Distant voices called to Iron through an inky night. No stars appeared in the scar between the trees. Clouds must have come. Worse, had snow somehow fallen? Terror wrapped a cold and clammy hand around him. Sander had said something about the chill stopping his heart. The chill, the slow poison of winter. It was one of Sander’s earliest lessons. Iron recalled the signs.
Fingers and toes like wood, hard to move and harder to handle. He tried wriggling his hand. No luck. Terror tightened its grip. A body rocked by violent shivers, unless of course the chill had already reached his heart. Iron stared into the black and felt not a single tremble. He didn’t feel much of anything.
I’m not already dead. Oh, Sinner, I’m not dead. No!
He pulled his mind through the fog. No, not fog, black oil thick as tree sap and deep as a mountain lake. Iron fought the black. Voices were bare whispers, so bare, but he heard them nonetheless. He pulled his mind toward them, willing his body through the soft pull of an endless sleep.
The black fought him, and he fought it. He wondered if he would fight for eternity. If this was death, no wonder the living clung to life.
Iron reached toward the voices. They grew louder—at least he thought so.
Yes. They are louder. I’m here! I’m here!
A dull light appeared like a high sun through a thin veil of winter clouds. He stretched toward the sun. He could almost grab it now, just a little more…
Iron’s fingers pierced the diffused veil, and the world expanded in beautifully harsh light. Water soaked him head to toe. He thought he’d fallen in a frozen lake, but no, the salt stinging his lips, the cold, clammy skin, it all pointed to his own sweat and not a pond. His wounded arm no longer burned.
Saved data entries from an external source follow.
lemma puncture_first_linear_code:
  fixes C :: "'a::{finite,field} vec set"
  assumes code: "linear_code C (m + N) k" and F: "F \<in> carrier_mat m N"
    and checks: "\<And>i. i < m \<Longrightarrow> unit_vec m i @\<^sub>v row F i \<in> dual_code (m + N) C"
  shows "linear_code (puncture_first (m + N) m C) N k"
proof -
  have S: "subspace class_ring C (module_vec TYPE('a) (m + N))"
    and dim: "vectorspace.dim class_ring ((module_vec TYPE('a) (m + N))\<lparr>carrier := C\<rparr>) = k"
    using code unfolding linear_code_def by auto
  have C: "C \<subseteq> carrier_vec (m + N)" by (rule subspace_vec_carrier[OF S])
  have inj: "inj_on (\<lambda>c. vec_last c N) C"
    using code_mem_iff_puncture[OF C F checks]
      vec_eq_if_systematic_checks_vec_last_eq[OF F] by (intro inj_onI) metis
  have add: "vec_last (x + y) N = vec_last x N + vec_last y N" if "x \<in> C" "y \<in> C" for x y
    using C[THEN subsetD, OF that(1)] C[THEN subsetD, OF that(2)]
    by (intro eq_vecI) (auto simp: vec_last_def)
  have smult: "vec_last (a \<cdot>\<^sub>v x) N = a \<cdot>\<^sub>v vec_last x N" if "x \<in> C" for a x
    using C[THEN subsetD, OF that] by (intro eq_vecI) (auto simp: vec_last_def)
  note image = subspace_vec_inj_linear_image[OF S _ add smult inj, of N]
  show ?thesis
    using image dim unfolding linear_code_def puncture_first_eq_vec_last_image[OF C] by simp
qed

lemma four_block_parity_check:
  fixes C :: "'a::field vec set"
  assumes C: "C \<subseteq> carrier_vec (m + N)" and F: "F \<in> carrier_mat m N"
    and checks: "\<And>i. i < m \<Longrightarrow> unit_vec m i @\<^sub>v row F i \<in> dual_code (m + N) C"
    and HM: "HM \<in> carrier_mat K N"
    and HM_check: "parity_check HM N (puncture_first (m + N) m C)"
  shows "parity_check (four_block_mat (1\<^sub>m m) F (0\<^sub>m K m) HM) (m + N) C"
proof -
  let ?H = "four_block_mat (1\<^sub>m m) F (0\<^sub>m K m) HM"
  have H: "?H \<in> carrier_mat (m + K) (m + N)" using F HM by auto
  have kernel: "?H *\<^sub>v c = 0\<^sub>v (m + K)
      \<longleftrightarrow> vec_first c m + F *\<^sub>v vec_last c N = 0\<^sub>v m \<and> HM *\<^sub>v vec_last c N = 0\<^sub>v K"
    if c: "c \<in> carrier_vec (m + N)" for c
  proof -
    have "0\<^sub>m K m *\<^sub>v vec_first c m = 0\<^sub>v K" by (intro eq_vecI) auto
    then have "?H *\<^sub>v c = (vec_first c m + F *\<^sub>v vec_last c N) @\<^sub>v (HM *\<^sub>v vec_last c N)"
      using four_block_mat_mult_vec[OF one_carrier_mat F zero_carrier_mat HM
          vec_first_carrier[of c] vec_last_carrier[of c]] vec_first_last_append[OF c] HM
      by simp
    moreover have "(vec_first c m + F *\<^sub>v vec_last c N) @\<^sub>v (HM *\<^sub>v vec_last c N) = 0\<^sub>v m @\<^sub>v 0\<^sub>v K
        \<longleftrightarrow> vec_first c m + F *\<^sub>v vec_last c N = 0\<^sub>v m \<and> HM *\<^sub>v vec_last c N = 0\<^sub>v K"
      using F by (intro append_vec_eq[where n = m]) auto
    moreover have "0\<^sub>v m @\<^sub>v 0\<^sub>v K = 0\<^sub>v (m + K)" by auto
    ultimately show ?thesis by metis
  qed
  show ?thesis
    using code_mem_iff_puncture[OF C F checks] HM_check H kernel
    unfolding parity_check_def puncture_first_eq_vec_last_image[OF C] by auto
qed

theorem theorem1:
  fixes C :: "'a::{finite,field} vec set"
    and n k r m :: nat and Rec L :: "nat \<Rightarrow> nat set" and e :: "nat \<Rightarrow> nat"
  assumes code: "linear_code C n k"
    and k_pos: "1 \<le> k" and r_pos: "1 \<le> r"
    and loc: "locality_with C n r Rec m L"
    and opt: "optimal_LRC C n k r"
    and adm: "admissible_pattern m L e"
    and PMR: "\<exists>k'. MDS_code (puncture_first n m C) (n - m) k'"
    and order: "\<forall>i<m. e i = i"
  shows "\<exists>F HM.
     F \<in> carrier_mat m (n - m) \<and> HM \<in> carrier_mat (n - k - m) (n - m) \<and>
     parity_check (four_block_mat (1\<^sub>m m) F (0\<^sub>m (n - k - m) m) HM) n C \<and>
     MDS_code {x \<in> carrier_vec (n - m). HM *\<^sub>v x = 0\<^sub>v (n - k - m)} (n - m) ((n - m) - (n - k - m)) \<and>
     (\<forall>i<m. hweight (row F i) \<le> r)"
proof -
  have adm_id: "admissible_pattern m L (\<lambda>i. i)"
    using adm order unfolding admissible_pattern_def by simp
  obtain N where n: "n = m + N"
    using locality_with_admissible_identity_pattern_le[OF loc adm_id] le_Suc_ex by blast
  have C: "C \<subseteq> carrier_vec (m + N)"
    using code subspace_vec_carrier unfolding linear_code_def n by blast
  obtain F where F: "F \<in> carrier_mat m N"
    and checks: "\<And>i. i < m \<Longrightarrow> unit_vec m i @\<^sub>v row F i \<in> dual_code (m + N) C"
    and weight: "\<And>i. i < m \<Longrightarrow> hweight (row F i) \<le> r"
    using locality_with_systematic_checks[OF C loc[unfolded n] adm_id] by blast
  let ?C' = "puncture_first (m + N) m C"
  have C'_code: "linear_code ?C' N k"
    by (rule puncture_first_linear_code[OF code[unfolded n] F checks])
  from PMR obtain k' where "MDS_code ?C' N k'" by (auto simp: n)
  with C'_code have C'_MDS: "MDS_code ?C' N k" by (simp add: MDS_code_def linear_code_def)
  have "k \<le> N"
    using C'_code subspace_vec_dim_le unfolding linear_code_def by metis
  obtain HM where HM: "HM \<in> carrier_mat (N - k) N" and HM_check: "parity_check HM N ?C'"
    using subspace_vec_systematic_parity_check[OF _ _ MDS_code_inj_on_vec_first[OF C'_MDS]]
      C'_code unfolding linear_code_def by blast
  have "{x \<in> carrier_vec N. HM *\<^sub>v x = 0\<^sub>v (N - k)} = ?C'"
    using HM_check HM unfolding parity_check_def by auto
  then show ?thesis
    using F HM weight C'_MDS \<open>k \<le> N\<close> four_block_parity_check[OF C F checks HM HM_check]
    unfolding n by (intro exI[of _ F] exI[of _ HM]) auto
qed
In fact, it no longer hurt at all.
A few blinks brought some clarity to the world. A blue salve coated his wound. A stench like sour mint rose from it as an oddly soothing chill sunk into his muscle. He looked around his room. Sunlight poured in an angled column onto a floor covered in furs. Dust swirled and danced like sprites in the light. Tables crowded the room. Dingy glass bottles, vials, jars, and other containers all in shades of blue and green littered the tabletops. Odd objects floated in a few of the bottles. They had an eerily animal look about them.
Skulls of goats, greyhorns, and elk stared at Iron from mounts on the wall. Their horns and antlers held unlit candles in varying states of use. Beneath the skulls, Sander’s familiar silhouette waved one arm over a hunched bean of a figure while the other arm formed a fist pressing against his thigh. “You’re almost done, and I’ve got the money! Give me a break here, Thyra. He’s just a kid.”
The hunched figure named Thyra spat and turned, waddling toward the shaft of light. She passed into it like a wraith might pass through stone, and it illuminated her features.
She had a face like half-cooked potato with cheeks that swelled beneath sagging lids. Her wide, flat nose drew up its short bridge into a wrinkled scowl, and when she saw Iron’s open eyes, her jowls moved with her disapproving head shake.
“You think I don’t know this runt’s poison?” She grabbed a small cup and took a swig. Iron had an inkling it wasn’t medicine. “I know this poison. We all know this poison, you fool, even as far as Skaard, we know that corruption. You bring Sol and his demons to Ormhild. He would leave our lands be and look south and east. Not now. Not now!”
Sander rounded the table until he stood behind her, his footfalls thunking on the creaky floorboards. “It was just an accident. Sol can’t possibly know we’re here.”